Sofía revela a sus hijos el final del matrimonio en un restaurante playero de Tuxpan, así como Tenoch y Julio reconocen su homosexualidad latente en un changarrito del mar en Y tu mamá también (Cuarón, 2001). En el mismo viaje, Cleo confiesa que no quería ser madre, tras haber rescatado a la hija de la patrona. Tras las revelaciones, las historias cierran con la complicidad de ambas mujeres, quienes saben que juntas criarán a los cuatro niños: es la fundación de una nueva familia.

Y sin embargo, apenas regresan a casa los niños le piden a Cleo que les prepare un licuado de plátano y les lleven gansitos: hubieron tomas de conciencias, manifestaciones de amor, pero se mantuvieron los estamentos. Esta penúltima escena confirma el apunte crítico de Cuarón, el guiño irónico al presente que también hace con la voz en off de Y tu mamá también.

Roma también es un ejercicio deslumbrante de diseño de producción y dirección de arte, méritos de Eugenio Caballero, Carlos Benassini y Carlos Tello.

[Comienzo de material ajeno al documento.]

lemma sms_l1_dist_le_dist:
  "square_metric_space S \<Longrightarrow> p \<in> M0 \<Longrightarrow> q \<in> M0 \<Longrightarrow> l1_dist p q \<le> dist (S p) (S q)"
  unfolding square_metric_space_def l1_dist_def by blast

lemma sms_vertical_side:
  "square_metric_space S \<Longrightarrow> i \<in> {0, 1} \<Longrightarrow> r \<in> {0..1} \<Longrightarrow> s \<in> {0..1} \<Longrightarrow>
    dist (S (i, r)) (S (i, s)) = \<bar>s - r\<bar>"
  unfolding square_metric_space_def by blast

lemma sms_horizontal_side:
  "square_metric_space S \<Longrightarrow> i \<in> {0, 1} \<Longrightarrow> r \<in> {0..1} \<Longrightarrow> s \<in> {0..1} \<Longrightarrow>
    dist (S (r, i)) (S (s, i)) = \<bar>s - r\<bar>"
  unfolding square_metric_space_def by blast

lemma sms_dist_le_l1_dist_same_side:
  assumes S: "square_metric_space S" and p: "p \<in> M0" and q: "q \<in> M0"
    and side: "(fst p \<in> {0, 1} \<and> fst q = fst p) \<or> (snd p \<in> {0, 1} \<and> snd q = snd p)"
  shows "dist (S p) (S q) \<le> l1_dist p q"
proof -
  obtain a b c d where pq: "p = (a, b)" "q = (c, d)"
    by (cases p, cases q)
  show ?thesis
    using side sms_vertical_side[OF S, of a b d] sms_horizontal_side[OF S, of b a c]
      M0_bounds[OF p] M0_bounds[OF q]
    unfolding pq l1_dist_def by auto
qed

lemma sms_dist_le_l1_dist_adjacent_sides:
  assumes S: "square_metric_space S" and p: "p \<in> M0" and q: "q \<in> M0"
    and "fst p \<in> {0, 1}" and "snd q \<in> {0, 1}"
  shows "dist (S p) (S q) \<le> l1_dist p q"
proof -
  obtain a b c d where pq: "p = (a, b)" "q = (c, d)"
    by (cases p, cases q)
  have "dist (S (a, b)) (S (c, d)) \<le> dist (S (a, b)) (S (a, d)) + dist (S (a, d)) (S (c, d))"
    by (rule dist_triangle)
  also have "\<dots> = \<bar>d - b\<bar> + \<bar>c - a\<bar>"
    using assms(4,5) sms_vertical_side[OF S, of a b d] sms_horizontal_side[OF S, of d a c]
      M0_bounds[OF p] M0_bounds[OF q]
    unfolding pq by simp
  finally show ?thesis
    unfolding pq l1_dist_def by (simp add: abs_minus_commute)
qed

Pero de poco serviría si la película de Cuarón no hiciera esta summa de temas, interpretaciones y ambigüedades que permiten revisarla desde la historia, el feminismo, el decolonialismo, la política; todas las disciplinas que exploren el derrumbe del México autocomplaciente de las clases medias y la llegada de otro México de crisis, atomizaciones y violencia sistemática.

Se viene una larga noche para Sofía, Cleo y su familia. La primera entrará a una editorial y de esposa trofeo pasará a mujer trabajadora, que de seguro tendrá que estirar salarios para mantener un nivel de vida cada vez menos asequible. La segunda criará a los hijos de Sofía, aun a costa de cualquier proyecto de vida personal. Ahí queda bien esa conclusión chejoviana: «tenían claro que el final estaba aún muy lejos y que lo más complicado y difícil no había hecho sino empezar.»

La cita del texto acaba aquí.